Even so, we want to insist that there are limits to how persistently and systematically one can break the constitutive rules of an activity and still engage in the constituted activity. To see why, suppose you are playing a game of draughts with a friend. It may be that your friend cheats, perhaps even often. But now suppose you are attempting to play a game of draughts with a friend only to find that he persistently and systematically moves the pieces horizontally and vertically rather than diagonally. In this case, your friend is not really playing draughts. Alternatively, suppose you have promised a friend to help him bake Jamie Oliver’s famous chocolate cake for a birthday party. It may of course be that your friend deviates from Oliver’s recipe, perhaps even significantly. But now suppose that you discover that what he is actually producing is a blend of kiwis, kidneys and marmite, which he subsequently pours into martini glasses. In this case, your friend is not really baking Jamie Oliver’s chocolate cake. Similarly, if, in an attempt to play tennis, your friend starts throwing punches until he has knocked his opponent to the ground, he is not really playing tennis. Finally, suppose you wanted to strike up a conversation in English with him. It may be that he breaks the rules of English and perhaps he does so frequently. But now consider a case in which he persistently and systematically utters only strings of the phoneme ‘ka’. When you ask him how he is doing he responds: ‘Kakaka‘, when you ask him whether he has gone mad his answer is: ‘Kaka kakaka ka‘, and so on. If he persists in this behaviour too systematically, he is not speaking English.
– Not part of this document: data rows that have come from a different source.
(* Let $K\ge 1$ and, for $k=1,\dots,K$, let $a_k>0$, $b_k>0$, $P_{L,k}>0$, $\bar{\gamma}>0$, and let $p>0$, $q>0$. Let $Z_1,\dots,Z_K$ be independent, with $Z_k$ gamma distributed with shape $a_k$ and scale $b_k$ (the moment-matched gamma approximation described in the context), set $\gamma_k=\frac{\bar{\gamma}}{P_{L,k}}Z_k^2$, $\gamma^*=\max_k\gamma_k$, and $P_e=E\left[p\,Q\left(\sqrt{2q\gamma^*}\right)\right]$, where $Q(x)=\frac{1}{\sqrt{2\pi}}\int_x^\infty e^{-t^2/2}dt$. Then $$P_e=\frac{p\sqrt{q}}{2\sqrt{\pi}}\sum_{n_1=0}^{\infty}\cdots\sum_{n_K=0}^{\infty}\prod_{k=1}^{K}\frac{(-1)^{n_k}\left(\sqrt{\frac{P_{L,k}}{\bar{\gamma}b_k^2}}\right)^{a_k+n_k}}{n_k!\,(a_k+n_k)\,\Gamma(a_k)}\cdot\frac{\Gamma\left(\frac{\sum_{k=1}^{K}(a_k+n_k)}{2}+\frac12\right)}{q^{\frac{\sum_{k=1}^{K}(a_k+n_k)}{2}+\frac12}}.$$
   Context: Model: there are $K$ reflecting surfaces; surface $k$ has $N_k$ elements with mutually independent amplitudes $\alpha_k^{(i)}$ (Nakagami-$m$, shape $m_{k,1}$, spread $\Omega_{k,1}$) and $\beta_k^{(i)}$ (Nakagami-$m$, shape $m_{k,2}$, spread $\Omega_{k,2}$), and $a_k=N_k\mu_k^2/\sigma_k^2$, $b_k=\sigma_k^2/\mu_k$, where $\mu_k,\sigma_k^2$ are the mean and variance of $\alpha_k^{(1)}\beta_k^{(1)}$; the distribution of $\sum_{i=1}^{N_k}\alpha_k^{(i)}\beta_k^{(i)}$ is approximated by the gamma law with shape $a_k$, scale $b_k$. The constants $p,q$ depend on the modulation (e.g. BPSK: $p=q=1$). $P_e$ is the average symbol error probability. *)

theory Defs
  imports "HOL-Probability.Probability"
begin

definition gamma_density :: "real \<Rightarrow> real \<Rightarrow> real \<Rightarrow> real" where
  "gamma_density a b x =
     (if 0 < x then x powr (a - 1) * exp (- x / b) / (Gamma a * b powr a) else 0)"

definition Qfun :: "real \<Rightarrow> real" where
  "Qfun x = 1 / sqrt (2 * pi) * (LBINT t:{x..}. exp (- (t\<^sup>2) / 2))"

end

(* Q(x / sigma) is the tail beyond x of the N(0, sigma^2) density.  With sigma = 1 / sqrt (2 q),
   Tonelli's theorem therefore turns P_e = p E[Q (sqrt gamma* / sigma)] into p sqrt (q / pi) times
   the integral over u >= 0 of exp (- q u^2) F u, where F is the distribution function of
   sqrt gamma*.  By independence F u is the product of the gamma distribution functions
   P (a_k, alpha_k u), alpha_k = sqrt (P_Lk / (gbar b_k^2)), and the regularized lower incomplete
   gamma function P (a, x) has the absolutely convergent expansion
   sum_m (-1)^m x^(a+m) / (m! (a+m) Gamma a).  Multiplying out the K series and integrating term
   by term against exp (- q u^2) gives Gamma ((S+1)/2) / (2 q^((S+1)/2)) with S = sum_k (a_k + n_k).
   The exchange of sum and integral is justified because the series of absolute values is bounded
   by C u^(sum_k a_k) exp (beta u), which the Gaussian weight keeps integrable. *)

theory Submission
  imports Defs
begin

section \<open>Power moments of Gaussian weights\<close>

lemma has_bochner_integral_lborel_if_has_integral:
  fixes f :: "real \<Rightarrow> real"
  assumes "f \<in> borel_measurable borel" and "\<Omega> \<in> sets borel"
    and "\<And>x. x \<in> \<Omega> \<Longrightarrow> 0 \<le> f x" and "(f has_integral I) \<Omega>"
  shows "has_bochner_integral lborel (\<lambda>x. indicator \<Omega> x * f x) I"
proof -
  have "0 \<le> I"
    using has_integral_nonneg[OF assms(4)] assms(3) by blast
  moreover have "(\<integral>\<^sup>+x. ennreal (indicator \<Omega> x * f x) \<partial>lborel) = ennreal I"
    using nn_integral_has_integral_lebesgue[OF assms(3,4)] by simp
  ultimately show ?thesis
    using assms(1,2,3)
    by (subst has_bochner_integral_iff, intro nn_integral_eq_integrable[THEN iffD1])
       (auto simp: indicator_def)
qed

lemma has_bochner_integral_indicator_powr:
  fixes s x :: real
  assumes "s > -1" and "x \<ge> 0"
  shows "has_bochner_integral lborel (\<lambda>t. indicator {0..x} t * t powr s) (x powr (s + 1) / (s + 1))"
  by (rule has_bochner_integral_lborel_if_has_integral
      [OF _ _ _ has_integral_powr_from_0[OF assms]]) auto

lemma has_integral_powr_exp_neg_square:
  fixes A q :: real
  assumes A: "A > -1" and q: "q > 0"
  shows "((\<lambda>u. u powr A * exp (- q * u\<^sup>2)) has_integral
           Gamma ((A + 1) / 2) / (2 * q powr ((A + 1) / 2))) {0..}"
proof -
  define s where "s = (A + 1) / 2"
  have s: "s > 0" using A by (simp add: s_def)
  define g where "g t = t powr (s - 1) / exp t" for t :: real
  have G: "(g has_integral Gamma s) {0..}"
    unfolding g_def by (rule Gamma_integral_real[OF s])
  have img: "(\<lambda>u. q * u\<^sup>2) ` {0..} = {0::real..}"
  proof (intro equalityI subsetI)
    fix t :: real assume "t \<in> {0..}"
    then have "t = q * (sqrt (t / q))\<^sup>2" and "sqrt (t / q) \<in> {0..}" using q by auto
    then show "t \<in> (\<lambda>u. q * u\<^sup>2) ` {0..}" by blast
  qed (use q in auto)
  have inj: "inj_on (\<lambda>u. q * u\<^sup>2) {0::real..}"
    using q by (intro inj_onI) auto
  have der: "((\<lambda>u. q * u\<^sup>2) has_field_derivative 2 * q * u) (at u within {0..})" for u
    by (auto intro!: derivative_eq_intros)
  have "g absolutely_integrable_on {0..}"
    by (intro nonnegative_absolutely_integrable_1 has_integral_integrable[OF G]) (simp add: g_def)
  then have "(\<lambda>u. \<bar>2 * q * u\<bar> * g (q * u\<^sup>2)) absolutely_integrable_on {0..} \<and>
      integral {0..} (\<lambda>u. \<bar>2 * q * u\<bar> * g (q * u\<^sup>2)) = Gamma s"
    using has_absolute_integral_change_of_variables_1'[OF _ der inj, of g "Gamma s"]
      img integral_unique[OF G]
    by simp
  then have substituted: "((\<lambda>u. \<bar>2 * q * u\<bar> * g (q * u\<^sup>2)) has_integral Gamma s) {0..}"
    by (metis has_integral_integral set_lebesgue_integral_eq_integral(1) absolutely_integrable_on_def)
  have integrand: "\<bar>2 * q * u\<bar> * g (q * u\<^sup>2) = 2 * q powr s * (u powr A * exp (- q * u\<^sup>2))"
    if "u \<in> {0..}" for u
  proof (cases "u = 0")
    case False
    with that have u: "u > 0" by auto
    have pw: "(q * u\<^sup>2) powr (s - 1) = q powr (s - 1) * u powr (A - 1)"
      using u q by (simp add: powr_mult powr_powr s_def flip: powr_numeral)
        (rule arg_cong[where f = "(powr) u"], simp)
    have qs: "q * q powr (s - 1) = q powr s" and uA: "u * u powr (A - 1) = u powr A"
      using u q by (simp_all add: powr_mult_base)
    show ?thesis
      using u q by (simp add: g_def pw abs_mult exp_minus divide_inverse mult_ac flip: qs uA)
  qed (use s in \<open>simp add: g_def\<close>)
  from has_integral_divide[OF has_integral_eq[OF integrand substituted], of "2 * q powr s"]
  show ?thesis
    using q by (simp add: s_def)
qed

lemma has_bochner_integral_powr_exp_neg_square:
  fixes A q :: real
  assumes "A > -1" and "q > 0"
  shows "has_bochner_integral lborel (\<lambda>u. indicator {0..} u * (u powr A * exp (- q * u\<^sup>2)))
           (Gamma ((A + 1) / 2) / (2 * q powr ((A + 1) / 2)))"
  by (rule has_bochner_integral_lborel_if_has_integral
      [OF _ _ _ has_integral_powr_exp_neg_square[OF assms]]) auto

section \<open>Termwise integration of multiple series\<close>

lemma has_sum_prod_PiE:
  fixes f :: "'a \<Rightarrow> 'b \<Rightarrow> real"
  assumes A: "finite A" and B: "\<And>x. x \<in> A \<Longrightarrow> countable (B x)"
    and f: "\<And>x. x \<in> A \<Longrightarrow> (f x has_sum s x) (B x)"
  shows "((\<lambda>g. \<Prod>x\<in>A. f x (g x)) has_sum (\<Prod>x\<in>A. s x)) (PiE A B)"
proof -
  txt \<open>A real family is summable iff it is absolutely summable; the product rule for absolutely
    summable families is stated for the notion of \<^theory>\<open>HOL-Analysis.Infinite_Set_Sum\<close>.\<close>
  have abs: "Infinite_Sum.abs_summable_on (f x) (B x)" if "x \<in> A" for x
    using f[OF that] summable_on_iff_abs_summable_on_real by (auto simp: summable_on_def)
  then have "Infinite_Set_Sum.abs_summable_on (f x) (B x)" if "x \<in> A" for x
    using that by (simp only: abs_summable_equivalent[symmetric])
  then have "Infinite_Set_Sum.abs_summable_on (\<lambda>g. \<Prod>x\<in>A. f x (g x)) (PiE A B)"
    using abs_summable_on_prod_PiE[of A B f] A B by blast
  then have "Infinite_Sum.abs_summable_on (\<lambda>g. \<Prod>x\<in>A. f x (g x)) (PiE A B)"
    by (simp only: abs_summable_equivalent)
  moreover have "infsum (\<lambda>g. \<Prod>x\<in>A. f x (g x)) (PiE A B) = (\<Prod>x\<in>A. infsum (f x) (B x))"
    by (rule infsum_prod_PiE_abs[OF A abs])
  moreover have "(\<Prod>x\<in>A. infsum (f x) (B x)) = (\<Prod>x\<in>A. s x)"
    using f by (auto intro!: prod.cong infsumI)
  ultimately show ?thesis
    by (metis abs_summable_summable has_sum_infsum)
qed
We take these considerations to motivate the following condition on engaging in activities that are constituted by constitutive rules:
  • Engagement Condition If some activity A is constituted by a set of constitutive rules, R, then one cannot violate too many members of R too systematically without ceasing to engage in A.3

Two comments by way of clarification: First, we may want to allow for variation in what counts as violating too many members of a set of constitutive rules and what counts as violating them too systematically. To see this, compare the draughts case with the English case. In the draughts case, your friend is not playing even though he violates only one rule, albeit with near maximum systematicity. (Note that maximum systematicity is not required. If your friend were to move the pieces vertically and horizontally nearly all of the time, he’d still not be playing.) In contrast, in the English case, your friend violates many rules with a very high degree of systematicity. Here, we may want to allow that systematically violating a single rule does not mean that one ceases to speak English. If your friend were to systematically fail to add ‘s’/‘es’ to present tense verbs in the third person singular, we would want to allow that he still speaks English.
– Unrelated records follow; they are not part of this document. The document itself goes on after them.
lemma pathin_join_paths:
  assumes "pathin S p" "pathin S q" "p 1 = q 0"
  shows "pathin S (join_paths p q)"
  unfolding pathin_def join_paths_def
proof (rule continuous_map_cases_le)
  let ?I = "top_of_set {0..1::real}"
  have half: "subtopology ?I {x \<in> topspace ?I. x \<le> 1/2} = top_of_set {0..1/2}"
    "subtopology ?I {x \<in> topspace ?I. 1/2 \<le> x} = top_of_set {1/2..1}"
    by (simp_all add: subtopology_subtopology) (rule arg_cong[where f=top_of_set]; auto)+
  have "continuous_map (top_of_set {0..1/2}) ?I (\<lambda>x. 2 * x)"
    "continuous_map (top_of_set {1/2..1}) ?I (\<lambda>x. 2 * x - 1)"
    by (auto simp: continuous_map_in_subtopology intro!: continuous_intros)
  from this[THEN continuous_map_compose] assms(1,2)
  show "continuous_map (subtopology ?I {x \<in> topspace ?I. x \<le> 1/2}) S (\<lambda>x. p (2 * x))"
    "continuous_map (subtopology ?I {x \<in> topspace ?I. 1/2 \<le> x}) S (\<lambda>x. q (2 * x - 1))"
    unfolding half pathin_def o_def by blast+
qed (use assms(3) in \<open>auto simp: continuous_map_iff_continuous mult.commute\<close>)

lemma embedding_pathin_imp_path:
  assumes "embedding_map S euclidean e" "pathin S p"
  shows "path (e \<circ> p)" "path_image (e \<circ> p) \<subseteq> e ` topspace S"
proof -
  have "continuous_map S (top_of_set (e ` topspace S)) e"
    using assms(1) by (simp add: embedding_map_def homeomorphic_imp_continuous_map)
  then have "pathin (top_of_set (e ` topspace S)) (e \<circ> p)"
    using assms(2) by (rule pathin_compose[rotated])
  then show "path (e \<circ> p)" "path_image (e \<circ> p) \<subseteq> e ` topspace S"
    by (metis pathin_canon_iff image_subset_iff_funcset path_image_def)+
qed

lemma contractible_loop_iff_homotopic_loops:
  assumes e: "embedding_map S euclidean e" and g: "pathin S g"
  shows "contractible_loop S g \<longleftrightarrow> homotopic_loops (e ` topspace S) (e \<circ> g) (\<lambda>_. e (g 0))"
proof -
  let ?T = "e ` topspace S"
  obtain e' where "homeomorphic_maps S (top_of_set ?T) e e'"
    using e by (auto simp: embedding_map_def homeomorphic_map_maps)
  then have ce: "continuous_map S (top_of_set ?T) e" and ce': "continuous_map (top_of_set ?T) S e'"
    and e'e: "\<And>x. x \<in> topspace S \<Longrightarrow> e' (e x) = x"
    by (auto simp: homeomorphic_maps_def)
  have gS: "g x \<in> topspace S" if "x \<in> {0..1}" for x
    using g that by (auto simp: pathin_def continuous_map_def)
  show ?thesis
  proof
    assume "contractible_loop S g"
    then have "homotopic_loops ?T (e \<circ> g) (e \<circ> (\<lambda>_. g 0))"
      unfolding contractible_loop_def homotopic_loops_def
      by (rule homotopic_with_compose_continuous_map_left[OF _ ce])
        (simp add: pathstart_def pathfinish_def)
    then show "homotopic_loops ?T (e \<circ> g) (\<lambda>_. e (g 0))"
      by (simp add: o_def)
  next
    assume "homotopic_loops ?T (e \<circ> g) (\<lambda>_. e (g 0))"
    then have "homotopic_with (\<lambda>r. r 0 = r 1) (top_of_set {0..1}) S
        (e' \<circ> (e \<circ> g)) (e' \<circ> (\<lambda>_. e (g 0)))"
      unfolding homotopic_loops_def
      by (rule homotopic_with_compose_continuous_map_left[OF _ ce'])
        (simp add: pathstart_def pathfinish_def)
    then show "contractible_loop S g"
      unfolding contractible_loop_def
      by (rule homotopic_with_eq) (simp_all add: e'e gS)
  qed
qed

lemma contractible_loop_if_halves_return_null:
  assumes e: "embedding_map S euclidean e"
    and g: "pathin S g" "g 1 = g 0" and s: "s \<in> {0..1}"
    and \<delta>: "pathin S \<delta>" "\<delta> 0 = g s" "\<delta> 1 = g 0"
    and null_\<alpha>: "contractible_loop S (join_paths (g \<circ> linepath 0 s) \<delta>)"
    and null_\<gamma>: "contractible_loop S (join_paths (g \<circ> linepath 1 s) \<delta>)"
  shows "contractible_loop S g"
proof -
  let ?T = "e ` topspace S"
  have \<alpha>: "pathin S (g \<circ> linepath 0 s)" and \<gamma>: "pathin S (g \<circ> linepath 1 s)"
    using g s by (auto intro: pathin_compose_linepath)
  have ends: "(g \<circ> linepath 0 s) 1 = \<delta> 0" "(g \<circ> linepath 1 s) 1 = \<delta> 0"
    "join_paths (g \<circ> linepath 0 s) \<delta> 0 = g 0" "join_paths (g \<circ> linepath 1 s) \<delta> 0 = g 0"
    using g \<delta> by (simp_all add: join_paths_def linepath_def)
  have "homotopic_loops ?T ((e \<circ> (g \<circ> linepath 0 s)) +++ (e \<circ> \<delta>)) (\<lambda>_. e (g 0))"
    "homotopic_loops ?T ((e \<circ> (g \<circ> linepath 1 s)) +++ (e \<circ> \<delta>)) (\<lambda>_. e (g 0))"
    using null_\<alpha> null_\<gamma> ends
      contractible_loop_iff_homotopic_loops[OF e pathin_join_paths[OF \<alpha> \<delta>(1)]]
      contractible_loop_iff_homotopic_loops[OF e pathin_join_paths[OF \<gamma> \<delta>(1)]]
    by (simp_all add: comp_join_paths)
  then have "homotopic_loops ?T ((e \<circ> (g \<circ> linepath 0 s)) +++ reversepath (e \<circ> (g \<circ> linepath 1 s)))
      (\<lambda>_. e (g 0))"
    by (intro homotopic_loops_null_common_return embedding_pathin_imp_path[OF e] \<alpha> \<gamma>)
      (simp_all add: pathstart_def pathfinish_def linepath_def \<delta> g(2)
        embedding_pathin_imp_path[OF e \<delta>(1)])
  moreover have "reversepath (e \<circ> (g \<circ> linepath 1 s)) = e \<circ> g \<circ> linepath s 1"
    by (auto simp: reversepath_def linepath_def algebra_simps)
  moreover have "homotopic_paths ?T (e \<circ> g) ((e \<circ> g \<circ> linepath 0 s) +++ (e \<circ> g \<circ> linepath s 1))"
    using embedding_pathin_imp_path[OF e g(1)] s by (intro homotopic_paths_split_linepath) auto
  then have "homotopic_loops ?T (e \<circ> g) ((e \<circ> g \<circ> linepath 0 s) +++ (e \<circ> g \<circ> linepath s 1))"
    using g(2) by (intro homotopic_paths_imp_homotopic_loops)
      (simp_all add: pathstart_def pathfinish_def joinpaths_def linepath_def)
  ultimately have "homotopic_loops ?T (e \<circ> g) (\<lambda>_. e (g 0))"
    by (simp add: comp_assoc homotopic_loops_trans)
  then show ?thesis
    by (simp add: contractible_loop_iff_homotopic_loops[OF e g(1)])
qed

(* Cut points witnessing imitates: the i-th piece of p is p ` {t i..t (Suc i)}. With loose_end the
   last piece may be a single point; it becomes proper when merged with the first piece of the
   next path (imitating_cuts_join). *)

definition imitating_cuts ::
  "bool \<Rightarrow> ('v \<Rightarrow> 'a set) \<Rightarrow> 'v list \<Rightarrow> (real \<Rightarrow> 'a) \<Rightarrow> (nat \<Rightarrow> real) \<Rightarrow> bool" where
  "imitating_cuts loose_end \<phi> W p t \<longleftrightarrow> t 0 = 0 \<and> t (length W) = 1 \<and>
     (\<forall>i<length W. t i < t (Suc i) \<and> p ` {t i..t (Suc i)} \<subseteq> \<phi> (W ! i) \<and>
        (Suc i < length W \<or> \<not> loose_end \<longrightarrow> \<not> (\<exists>c. p ` {t i..t (Suc i)} = {c})))"

lemma imitates_iff_imitating_cuts:
  "imitates S \<phi> W p \<longleftrightarrow> pathin S p \<and> (\<exists>t. imitating_cuts False \<phi> W p t)"
  by (simp add: imitates_def imitating_cuts_def)

lemma imitating_cuts_less:
  assumes "imitating_cuts b \<phi> W p t" "i < j" "j \<le> length W"
  shows "t i < t j"
  using assms(2,3)
proof (induction j)
  case (Suc j)
  have "t j < t (Suc j)"
    using assms(1) Suc.prems by (simp add: imitating_cuts_def)
  then show ?case
    using Suc by (cases "i = j") auto
qed simp

lemma imitating_cuts_bounds:
  assumes "imitating_cuts b \<phi> W p t" "i \<le> length W"
  shows "0 \<le> t i" "t i \<le> 1"
  using imitating_cuts_less[OF assms(1), of 0 i] imitating_cuts_less[OF assms(1), of i "length W"]
    assms by (auto simp: imitating_cuts_def le_less)

lemma join_paths_image_left:
  assumes "a \<le> b" "b \<le> 1"
  shows "join_paths p q ` {a/2..b/2} = p ` {a..b}"
proof -
  have "join_paths p q ` {a/2..b/2} = p ` ((\<lambda>x. 2 * x) ` {a/2..b/2})"
    unfolding image_image using assms by (intro image_cong) (auto simp: join_paths_def)
  also have "(\<lambda>x. 2 * x) ` {a/2..b/2} = {a..b}"
    using assms image_affinity_atLeastAtMost[of 2 0 "a/2" "b/2"] by simp
  finally show ?thesis .
qed

lemma join_paths_image_right:
  assumes "0 \<le> a" "a \<le> b" "p 1 = q 0"
  shows "join_paths p q ` {1/2 + a/2..1/2 + b/2} = q ` {a..b}"
proof -
  have "join_paths p q x = q (2 * x - 1)" if "1/2 \<le> x" for x
  proof (cases "x \<le> 1/2")
    case True
    with that have "2 * x = 1" "2 * x - 1 = 0"
      by simp_all
    then show ?thesis
      using True assms(3) by (simp add: join_paths_def)
  qed (simp add: join_paths_def)
  then have "join_paths p q ` {1/2 + a/2..1/2 + b/2}
      = q ` ((\<lambda>x. 2 * x - 1) ` {1/2 + a/2..1/2 + b/2})"
    unfolding image_image using assms(1) by (intro image_cong) auto
  also have "(\<lambda>x. 2 * x - 1) ` {1/2 + a/2..1/2 + b/2} = {a..b}"
    using assms image_affinity_atLeastAtMost[of 2 "-1" "1/2 + a/2" "1/2 + b/2"]
    by (simp add: algebra_simps)
  finally show ?thesis .
qed

lemma join_paths_image_junction:
  assumes "a \<le> 1" "0 \<le> b" "p 1 = q 0"
  shows "join_paths p q ` {a/2..1/2 + b/2} = p ` {a..1} \<union> q ` {0..b}"
proof -
  have "{a/2..1/2 + b/2} = {a/2..1/2} \<union> {1/2 + 0/2..1/2 + b/2}"
    using assms(1,2) by auto
  then show ?thesis
    using join_paths_image_left[of a 1 p q] join_paths_image_right[of 0 b p q] assms
    by (simp add: image_Un)
qed

lemma imitating_cuts_join:
  assumes A: "imitating_cuts True \<phi> A p t" and B: "imitating_cuts False \<phi> B q r"
    and ne: "A \<noteq> []" "B \<noteq> []" and AB: "last A = hd B" and pq: "p 1 = q 0"
  shows "imitating_cuts False \<phi> (A @ tl B) (join_paths p q)
           (\<lambda>i. if i < length A then t i / 2 else 1/2 + r (Suc i - length A) / 2)"
    (is "imitating_cuts _ _ _ _ ?t")
proof -
  define m n where "m = length A" and "n = length B"
  have m: "0 < m" and n: "0 < n"
    using ne by (auto simp: m_def n_def)
  have len: "length (A @ tl B) = m + n - 1"
    using ne by (cases B) (simp_all add: m_def n_def)
  have t: "t 0 = 0" "t m = 1"
    "\<And>i. i < m \<Longrightarrow> t i < t (Suc i) \<and> p ` {t i..t (Suc i)} \<subseteq> \<phi> (A ! i) \<and>
       (Suc i < m \<longrightarrow> \<not> (\<exists>c. p ` {t i..t (Suc i)} = {c}))"
    using A by (auto simp: imitating_cuts_def m_def)
  have r: "r 0 = 0" "r n = 1"
    "\<And>j. j < n \<Longrightarrow> r j < r (Suc j) \<and> q ` {r j..r (Suc j)} \<subseteq> \<phi> (B ! j) \<and>
       \<not> (\<exists>c. q ` {r j..r (Suc j)} = {c})"
    using B by (auto simp: imitating_cuts_def n_def)
  have piece: "?t i < ?t (Suc i) \<and>
      join_paths p q ` {?t i..?t (Suc i)} \<subseteq> \<phi> ((A @ tl B) ! i) \<and>
      \<not> (\<exists>c. join_paths p q ` {?t i..?t (Suc i)} = {c})" if i: "i < m + n - 1" for i
  proof -
    consider "Suc i < m" | "Suc i = m" | "m \<le> i"
      by linarith
    then show ?thesis
    proof cases
      case 1
      then have "join_paths p q ` {t i / 2..t (Suc i) / 2} = p ` {t i..t (Suc i)}"
        using t(3)[of i] imitating_cuts_bounds[OF A, of "Suc i"]
        by (intro join_paths_image_left) (auto simp: m_def)
      then show ?thesis
        using 1 t(3)[of i] by (simp add: m_def nth_append)
    next
      case 2
      have "join_paths p q ` {t i / 2..1/2 + r 1 / 2} = p ` {t i..1} \<union> q ` {0..r 1}"
        using 2 t(2) t(3)[of i] r(1) r(3)[of 0] n pq by (intro join_paths_image_junction) auto
      moreover have "i = length A - 1"
        using 2 by (simp add: m_def)
      then have "(A @ tl B) ! i = A ! i" "A ! i = B ! 0"
        using ne AB by (simp_all add: nth_append last_conv_nth hd_conv_nth)
      ultimately show ?thesis
        using 2 t(2) t(3)[of i] r(1) r(3)[of 0] n by (auto simp: m_def Un_singleton_iff)
    next
      case 3
      define j where "j = Suc i - m"
      have j: "0 < j" "j < n" "Suc (Suc i) - m = Suc j" "(A @ tl B) ! i = B ! j"
        using 3 i ne by (auto simp: j_def m_def n_def nth_append nth_tl Suc_diff_le)
      have "join_paths p q ` {1/2 + r j / 2..1/2 + r (Suc j) / 2} = q ` {r j..r (Suc j)}"
        using r(3)[of j] imitating_cuts_bounds[OF B, of j] j pq
        by (intro join_paths_image_right) (auto simp: n_def)
      moreover have "?t i = 1/2 + r j / 2" "?t (Suc i) = 1/2 + r (Suc j) / 2"
        using 3 j(3) by (simp_all add: j_def m_def)
      ultimately show ?thesis
        using j(4) r(3)[of j] j(2) by simp
    qed
  qed
  show ?thesis
    unfolding imitating_cuts_def using piece t(1) r(2) m n len
    by (auto simp: m_def n_def)
qed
Second, Engagement Condition is plausible even when your friend breaks the rules non-deliberately or otherwise blamelessly, when he tries to follow the rules or when he thinks he is following the rules. To see this, consider the draughts case once more. Suppose your friend is misinformed about the rules of draughts, say because he was told that pieces move horizontally and vertically. When, in this case, he systematically moves the pieces in these ways, he will systematically break the rules of draughts whilst doing so non-deliberately and blamelessly, whilst trying to follow them and thinking that he is following them. Even so, he is not playing draughts.4

If Engagement Condition is plausible, then so is the following:
  • Engagement Condition’ If activity, A, is constituted by only a single constitutive rule, r, and if one violates r with near maximum systematicity, then one does not engage in A.

Consider, for instance, a card game, call it ’Ace of Spades’ in which the only constitutive rule is that one must continue to turn over cards from a standard deck until one turns over the ace of spades. If you violate this rule with near maximum systematicity, say because you regularly stop turning over cards when and only when you turn over the three of hearts, you are not playing Ace of Spades.

It is easy to see that we can run an argument parallel to the one sketched above to establish a relation between Engagement Condition’ and the issue of which constitutive rules, if any, govern a given activity. Again, consider arbitrary activity, A, and rule, r, such that r is (putatively) constitutive of A. From Engagement Condition’, it follows that engaging in A requires not breaking r with near maximum systematicity. This means that, for any A such that it can be shown that one can engage in A and break r with near maximum systematicity, r is not a constitutive rule governing A.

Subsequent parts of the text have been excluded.